What the task asks –
Report the count of lines with "where" in the data below, and no other words.

Provided records –

┌──

text \<open>The threshold B is never reached: at the first time V t = B, exp_decay_until
  would already give V t \<le> V 0 < B.\<close>
lemma exp_decay_below_threshold:
  fixes V V' :: "real \<Rightarrow> real"
  assumes der: "\<And>t. t \<ge> 0 \<Longrightarrow> (V has_real_derivative V' t) (at t within {0..})"
    and dec: "\<And>t. t \<ge> 0 \<Longrightarrow> V t < B \<Longrightarrow> V' t \<le> - a * V t"
    and V0: "V 0 < B" and Vnn: "\<And>t. t \<ge> 0 \<Longrightarrow> 0 \<le> V t" and a: "a \<ge> 0"
    and t: "t \<ge> 0"
  shows "V t \<le> V 0 * exp (- a * t)"
proof -
  have below: "V t < B" if "t \<ge> 0" for t
  proof (rule ccontr)
    assume "\<not> V t < B"
    define A where "A = {0..} \<inter> V -` {B..}"
    have "continuous_on {0..} V"
      unfolding continuous_on_eq_continuous_within using der DERIV_continuous by fastforce
    hence "closed A" unfolding A_def by (rule continuous_closed_preimage) auto
    moreover have "t \<in> A" using that \<open>\<not> V t < B\<close> by (auto simp: A_def)
    moreover have bdd: "bdd_below A" unfolding A_def by (rule bdd_belowI[of _ 0]) auto
    ultimately have "Inf A \<in> A" using closed_contains_Inf by blast
    hence t1: "Inf A \<ge> 0" "V (Inf A) \<ge> B" by (auto simp: A_def)
    hence pos: "Inf A > 0" using V0 by (cases "Inf A = 0") auto
    have "V s < B" if "0 \<le> s" "s < Inf A" for s
      using that cInf_lower[OF _ bdd, of s] by (force simp: A_def)
    hence "V (Inf A) * exp (a * Inf A) \<le> V 0"
      using exp_decay_until[OF der dec pos] by blast
    moreover have "V (Inf A) \<le> V (Inf A) * exp (a * Inf A)"
      using Vnn[OF t1(1)] a t1(1) by (simp add: mult_le_cancel_left1)
    ultimately show False using t1 V0 by linarith
  qed
  have "V t * exp (a * t) \<le> V 0"
    using exp_decay_until[OF der dec _ below] t by (cases "t = 0") auto
  hence "V t * exp (a * t) * exp (- a * t) \<le> V 0 * exp (- a * t)" by simp
  thus ?thesis by (simp add: mult.assoc flip: exp_add)
qed

section \<open>Quadratic Lyapunov functions\<close>

definition sq_dist_on :: "'n set \<Rightarrow> real^'n \<Rightarrow> real^'n \<Rightarrow> real" where
  "sq_dist_on S x y = (\<Sum>s\<in>S. (x$s - y$s)^2)"

lemma sq_dist_on_nonneg: "0 \<le> sq_dist_on S x y"
  by (simp add: sq_dist_on_def sum_nonneg)

lemma sq_dist_on_le_norm: "sq_dist_on S x y \<le> (norm (x - y))^2"
proof -
  have "sq_dist_on S x y \<le> (\<Sum>s\<in>UNIV. (x$s - y$s)^2)"
    unfolding sq_dist_on_def by (rule sum_mono2) auto
  thus ?thesis by (simp add: norm_vec_def L2_set_def sum_nonneg)
qed
(* Fix an integer $k\ge2$ and let $w$ and $\widetilde w$ be as in the context. Then for all $x\in\mathbb R$, $$Mw(x)\le\frac92\,\widetilde w(x).$$
   Context: All intervals are half-open, $[a,b)$. $Mf(x)=\sup_{I\ni x}\frac1{|I|}\int_I|f|$ over intervals $I\ni x$. Fix an integer $k\ge2$, $\varepsilon=3^{-k}$, $p=\frac{1}{3\varepsilon}\Big(\frac{1+\varepsilon}{2}+\frac{4\varepsilon^2}{1+\varepsilon}\Big)$, $u=\sqrt p+\sqrt{p-1}$. For an interval $I$: $I_\pm$ its left/right halves; $I_m$ ($0\le m\le k-1$) the interval with the same right endpoint as $I$ and length $3^{-m}|I|$; $J^{(i)}$ ($i=1,2,3$) the $i$-th from the left of the three equal thirds of $J$. For $\omega\sigma=p$: $w_0(\omega,\sigma,I)=\frac{\omega}{\sqrt p}(u\chi_{I_-}+u^{-1}\chi_{I_+})$ and, for $\nu\ge1$, $w_\nu(\omega,\sigma,I)=\frac{\omega}{p}\big(\sum_{m=0}^{k-2}\chi_{I_m^{(1)}}+\chi_{I_{k-1}^{(1)}\cup I_{k-1}^{(2)}}+\frac{4\varepsilon}{1+\varepsilon}\chi_{I_{k-1}^{(3)}}\big)+\sum_{m=0}^{k-2}w_{\nu-1}(2\omega,\frac\sigma2,I_m^{(2)})$. Let $n=3^{k-1}$ and let $w$ be the $1$-periodic extension of $w_n(1,p,[0,1))$ to $\mathbb R$. Carrying: each $[j,j+1)$, $j\in\mathbb Z$, carries $w_n$; if $I$ carries $w_\nu$ with $\nu\ge1$, then each $I_m^{(2)}$, $0\le m\le k-2$, carries $w_{\nu-1}$. $\operatorname{supp}w_\nu$ denotes the union of all intervals carrying $w_\nu$. Define the $1$-periodic function $\widetilde w=\sum_{l=1}^n2^l\chi_{\operatorname{supp}w_{n-(l-1)}\setminus\operatorname{supp}w_{n-l}}+2^{n+1}\chi_{\operatorname{supp}w_0}$. *)

theory Defs
  imports "HOL-Analysis.Analysis"
begin

definition ivl :: "real \<times> real \<Rightarrow> real set" where
  "ivl I = {fst I..<snd I}"

definition eps :: "nat \<Rightarrow> real" where
  "eps k = 1 / 3 ^ k"

definition pp :: "nat \<Rightarrow> real" where
  "pp k = (1 / (3 * eps k)) * ((1 + eps k) / 2 + 4 * (eps k)\<^sup>2 / (1 + eps k))"

definition uu :: "nat \<Rightarrow> real" where
  "uu k = sqrt (pp k) + sqrt (pp k - 1)"

definition lhalf :: "real \<times> real \<Rightarrow> real \<times> real" where
  "lhalf I = (fst I, (fst I + snd I) / 2)"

└──

Task response –
7